The second issue focusses around natural gas prices, which are already lower compared to the pre-crisis period along with oversupplied gas markets. The risk of storage levels nearing capacity may even cause negative prices due to uncoordinated responses from sellers, traders, and other middleman suppliers. There are signals coming from the European gas storage inventory that oversupply may hit the capacity and substantially impact global gas market prices. That being said, according to the Gas Infrastructure Europe at the end of August 2020, the European gas storage was at 91.46% of capacity, compared to the five-year average at about 78%.

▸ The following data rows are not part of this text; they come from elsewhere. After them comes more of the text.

lemma nc_switch_identities:
  fixes A B C D Q :: "'a::ring_1"
  assumes sw: "nc_switch A B C D" and Q: "Q = (1 - A) * (1 - D)"
  shows "A * A + B * A * C = A" "A * B + B * A * D = B * A" "Q * B = B * Q"
    and "A * A + B * C = Q + (1 - Q) * A" "A * B + B * D = (1 - Q) * B"
proof -
  define Ai Bi where "Ai = inverse_elem A" and "Bi = inverse_elem B"
  define U where "U = Ai * Bi * A"
  have A_Ai: "A * (Ai * x) = x" for x
    using sw invertible_elem_inverse(1)[of A] unfolding nc_switch_def Ai_def by (simp add: mult.assoc[symmetric])
  have B_Bi: "B * (Bi * x) = x" for x
    using sw invertible_elem_inverse(1)[of B] unfolding nc_switch_def Bi_def by (simp add: mult.assoc[symmetric])
  have fund: "U * B - B * U = Bi * A * B - A" and C: "C = U * (1 - A)" and D: "D = 1 - U * B"
    using sw unfolding nc_switch_def Let_def U_def Ai_def Bi_def by (simp_all add: mult.assoc)
  have BAU: "B * (A * (U * x)) = A * x" for x
    using A_Ai B_Bi unfolding U_def by (simp add: mult.assoc)
  have "Q = U * B - A * (Ai * (Bi * A * B))"
    unfolding Q D U_def by (simp add: algebra_simps)
  then have Q_right: "Q = U * B - Bi * A * B"
    using A_Ai by simp
  have "B * U = U * B - (U * B - B * U)"
    by simp
  also have "\<dots> = Q + A"
    unfolding fund Q_right by simp
  finally have BU: "B * U = Q + A" .
  have "B * A * C = A * (1 - A)"
    using BAU[of "1 - A"] unfolding C by (simp add: mult.assoc)
  then show "A * A + B * A * C = A"
    by (simp add: algebra_simps)
  have "B * A * D = B * A - A * B"
    using BAU[of B] unfolding D by (simp add: algebra_simps)
  then show "A * B + B * A * D = B * A"
    by simp
  have "B * Q = B * U * B - A * B"
    using B_Bi unfolding Q_right by (simp add: algebra_simps)
  then show "Q * B = B * Q"
    unfolding BU by (simp add: algebra_simps)
  show "A * A + B * C = Q + (1 - Q) * A"
    unfolding C mult.assoc[symmetric] BU by (simp add: algebra_simps)
  show "A * B + B * D = (1 - Q) * B"
    unfolding D right_diff_distrib mult.assoc[symmetric] BU by (simp add: algebra_simps)
qed

lemma nc_switch_block_identities:
  fixes A B C D Q P :: "'a::ring_1"
  assumes sw: "nc_switch A B C D" and Q: "Q = (1 - A) * (1 - D)" and QP: "Q * P = P * Q"
  shows "P * A * A + P * B * C = Q * P + (1 - Q) * (P * A)"
    and "P * A * B + P * B * D = (1 - Q) * (P * B)"
    and "P * A * A + P * B * A * C = P * A"
    and "P * A * B + P * B * A * D = P * B * A"
proof -
  note ids = nc_switch_identities[OF sw Q]
  have "P * A * A + P * B * C = P * (A * A + B * C)"
    by (simp add: algebra_simps)
  also have "\<dots> = P * Q + P * A - P * Q * A"
    unfolding ids(4) by (simp add: algebra_simps)
  also have "\<dots> = Q * P + (1 - Q) * (P * A)"
    unfolding QP[symmetric] by (simp add: algebra_simps)
  finally show "P * A * A + P * B * C = Q * P + (1 - Q) * (P * A)" .
  have "P * A * B + P * B * D = P * (A * B + B * D)"
    by (simp add: algebra_simps)
  also have "\<dots> = P * B - P * Q * B"
    unfolding ids(5) by (simp add: algebra_simps)
  also have "\<dots> = (1 - Q) * (P * B)"
    unfolding QP[symmetric] by (simp add: algebra_simps)
  finally show "P * A * B + P * B * D = (1 - Q) * (P * B)" .
  show "P * A * A + P * B * A * C = P * A" "P * A * B + P * B * A * D = P * B * A"
    using arg_cong[where f = "\<lambda>x. P * x", OF ids(1)] arg_cong[where f = "\<lambda>x. P * x", OF ids(2)]
    by (simp_all add: algebra_simps)
qed

definition lower_ones :: "nat \<Rightarrow> nat \<Rightarrow> 'a::ring_1" where
  "lower_ones r c = (if c \<le> r then 1 else 0)"

definition lower_ones_inv :: "nat \<Rightarrow> nat \<Rightarrow> 'a::ring_1" where
  "lower_ones_inv r c = (if r = c then 1 else if r = c + 1 then -1 else 0)"

lemma mat_inverse_lower_ones: "mat_inverse n lower_ones lower_ones_inv"
proof -
  have "mat_mult n lower_ones lower_ones_inv r c = mat_id r c"
    if "1 \<le> r" "r \<le> n" "1 \<le> c" "c \<le> n" for r c
    unfolding mat_mult_def using that
    by (subst sum_two_terms[where a = c and b = "c + 1"]) (auto simp: lower_ones_def lower_ones_inv_def mat_id_def)
  moreover have "mat_mult n lower_ones_inv lower_ones r c = mat_id r c"
    if "1 \<le> r" "r \<le> n" "1 \<le> c" "c \<le> n" for r c
    unfolding mat_mult_def using that
    by (subst sum_two_terms[where a = r and b = "r - 1"]) (auto simp: lower_ones_def lower_ones_inv_def mat_id_def)
  ultimately show ?thesis
    unfolding mat_inverse_def mat_eq_def by blast
qed

definition bidiag :: "'a::ring_1 \<Rightarrow> 'a \<Rightarrow> nat \<Rightarrow> nat \<Rightarrow> 'a" where
  "bidiag B G r c = (if r = c then B ^ (c - 1) else if r = c + 1 then B ^ (c - 1) * G else 0)"

definition bidiag_inv :: "'a::ring_1 \<Rightarrow> 'a \<Rightarrow> nat \<Rightarrow> nat \<Rightarrow> 'a" where
  "bidiag_inv B' G r c = (if c \<le> r then (- (B' * G)) ^ (r - c) * B' ^ (c - 1) else 0)"

lemma bidiag_mult_bidiag_inv:
  fixes B B' G :: "'a::ring_1"
  assumes B: "B * B' = 1" "B' * B = 1" and r: "1 \<le> r" "r \<le> n" and c: "1 \<le> c"
  shows "mat_mult n (bidiag B G) (bidiag_inv B' G) r c = mat_id r c"
proof -
  define K where "K = - (B' * G)"
  have BK: "B * K = - G"
    unfolding K_def using B by (simp add: mult.assoc[symmetric])
  have sum: "mat_mult n (bidiag B G) (bidiag_inv B' G) r c =
      bidiag B G r r * bidiag_inv B' G r c
    + (if r - 1 \<in> {1..n} then bidiag B G r (r - 1) * bidiag_inv B' G (r - 1) c else 0)"
    unfolding mat_mult_def using r
    by (subst sum_two_terms[where a = r and b = "r - 1"]) (auto simp: bidiag_def)
  show ?thesis
  proof (cases "c < r")
    case True
    define j m where "j = r - 2" and "m = r - c - 1"
    have r': "r = Suc (Suc j)" and m: "r - c = Suc m" "r - 1 - c = m"
      using True c unfolding j_def m_def by auto
    have "mat_mult n (bidiag B G) (bidiag_inv B' G) r c
        = B ^ Suc j * (K ^ Suc m * B' ^ (c - 1)) + B ^ j * G * (K ^ m * B' ^ (c - 1))"
      unfolding sum using True r r' m by (simp add: bidiag_def bidiag_inv_def K_def)
    also have "\<dots> = B ^ j * (B * K + G) * K ^ m * B' ^ (c - 1)"
      by (simp add: algebra_simps power_Suc2[of B] power_Suc[of K] del: power_Suc)
    finally show ?thesis
      using True by (simp add: BK mat_id_def)
  next
    case False
    then show ?thesis
      unfolding sum using B by (auto simp: bidiag_def bidiag_inv_def mat_id_def left_right_inverse_power)
  qed
qed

Although global investment on the gas markets have slowed down however, according to the GECF forecasts the long-term prospects for gas investment are promising, with some uncertainties: Traditionally, growth in demand has been a major factor influencing gas investment both in upstream and trade infrastructure. Nonetheless, in the last few years, the LNG industry has witnessed changes in its project financing structures due to dynamic factors such as ample unconventional sources, and emerging technologies in exploration, and exploitation phases such as floating liquefied natural gas (LNG) terminals to name a few. Advanced technologies increase production efficiency through facilitating economies of scales. This causes capex reduction which provides monetary incentives for investing companies to sanction new projects.

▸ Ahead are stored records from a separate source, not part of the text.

(* Let $d=1$, fix $y\in\mathbb{R}$ and measurable $g:\mathbb{R}\to\mathbb{R}$. Let $X,V$ be independent real random variables, $Y=X+V$, where $P_V$ has a Lebesgue density $f_V\in C_0^1(\mathbb{R};\mathbb{R})$ and $\varphi_V(\omega)\neq0$ for Lebesgue-a.e. $\omega$. Assume $\lambda_{g,V,y}(x)=g(x)f_V(y-x)\in\Xi^0(\mathbb{R};\mathbb{C})$ and $\widetilde{\lambda}_{g,V,y}\in L^1(\mathbb{R};\mathbb{C})$. Suppose there are $c_{g,V,y}\in\mathbb{C}$ and measurable $k_{g,V,y}:(0,\infty)\to\mathbb{C}$ with $\int_0^1t|k_{g,V,y}(t)|dt<\infty$, $\int_1^\infty|k_{g,V,y}(t)|dt<\infty$, and \[ \mathcal{Q}_{g,V,y}(\omega)=e^{i\omega y}\Bigl(c_{g,V,y}+\int_0^\infty(1-e^{-i\omega t})k_{g,V,y}(t)\,dt\Bigr)\quad\text{for Lebesgue-a.e. }\omega. \] Then for every $f\in\mathcal{A}_V(\mathbb{R})$, \[ \mathcal{T}_{g,V,y}[f]=c_{g,V,y}f(y)+\int_0^\infty\bigl(f(y)-f(y-t)\bigr)k_{g,V,y}(t)\,dt, \] and in particular, whenever $f_Y(y)>0$, \[ \mathbb{E}[g(X)\mid Y=y]=\frac{1}{f_Y(y)}\Bigl\{c_{g,V,y}f_Y(y)+\int_0^\infty\bigl(f_Y(y)-f_Y(y-t)\bigr)k_{g,V,y}(t)\,dt\Bigr\}. \]
   Context: $\widetilde\psi(\omega)=\int e^{i\omega x}\psi(x)dx$; $\varphi_V(\omega)=\mathbb{E}[e^{i\omega V}]$. $C_0^1$: $C^1$ functions with the function and derivative vanishing at infinity; $\Xi^0=C_0\cap L^1$. $\mathcal{Q}_{g,V,y}(\omega)=\widetilde{\lambda}_{g,V,y}(\omega)/\varphi_V(-\omega)$ where $\varphi_V(-\omega)\ne0$, and $0$ otherwise. $\mathcal{A}_V(\mathbb{R})=\{f_V*\mu:\mu\text{ finite signed Radon measure}\}$ with $\|f_V*\mu\|_{\mathcal{A}_V}=\|\mu\|_{TV}$; $\mathcal{T}_{g,V,y}$ is the unique continuous linear functional on $\mathcal{A}_V$ with $\mathcal{T}_{g,V,y}[f_V*\mu]=\int\lambda_{g,V,y}\,d\mu$. $f_Y=f_V*P_X$ and $\mathbb{E}[g(X)\mid Y=y]=f_Y(y)^{-1}\int g(x)f_V(y-x)dP_X(x)$. *)

theory Defs
  imports "HOL-Probability.Probability"
begin

definition fourier :: "(real \<Rightarrow> complex) \<Rightarrow> real \<Rightarrow> complex" where
  "fourier \<psi> \<omega> = (CLINT x|lborel. iexp (\<omega> * x) * \<psi> x)"

definition C0_1 :: "(real \<Rightarrow> real) \<Rightarrow> bool" where
  "C0_1 f \<longleftrightarrow> (\<exists>f'. (\<forall>x. (f has_real_derivative f' x) (at x)) \<and> continuous_on UNIV f'
      \<and> (f \<longlongrightarrow> 0) at_infinity \<and> (f' \<longlongrightarrow> 0) at_infinity)"

definition Xi0 :: "(real \<Rightarrow> complex) \<Rightarrow> bool" where
  "Xi0 \<psi> \<longleftrightarrow> continuous_on UNIV \<psi> \<and> (\<psi> \<longlongrightarrow> 0) at_infinity \<and> integrable lborel \<psi>"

However, in the future a project’s financing for the LNG markets can be structured differently than it was prior to the aforementioned factors. The future financing structures of LNG projects require more innovation and flexibility, as the market could become increasingly fragmented
Furthermore, there is an expected growth in LNG consumption in the coming decades because of population growth, growing economic prosperity in developing countries such as China and India, favorable government regulations, and actions to reduce air pollution Although the growth in demand drives an increase in gas investment, LNG development projects may be difficult to finance in the same way as was common before the current crisis due to prospective market changes. It is less likely that in the coming decades LNG projects will be financed by project-level debt (e.g. Canada LNG) which requires long-term sales and purchase agreements. This will increase offtake capacity agreements to secure LNG investment in the short- or medium-term. To summarise, regardless of the financing structure changes due to market uncertainties, the GECF sees that the level of investment in upstream and midstream activities is expected to grow in the medium-term (2020-2030) and long-term (2020-2050) by over US$4,700 billion and US$8,900 billion, respectively. According to the GECF Secretariat and based on the latest autumn update of its Global Gas Model, world gas demand will increase to more than 5,800 bcm in 2050. An era of diminished investment on natural gas value chain will create a shortfall in production levels, and hence more cooperation is needed to support investments through the entire gas value chain to meet rising demand.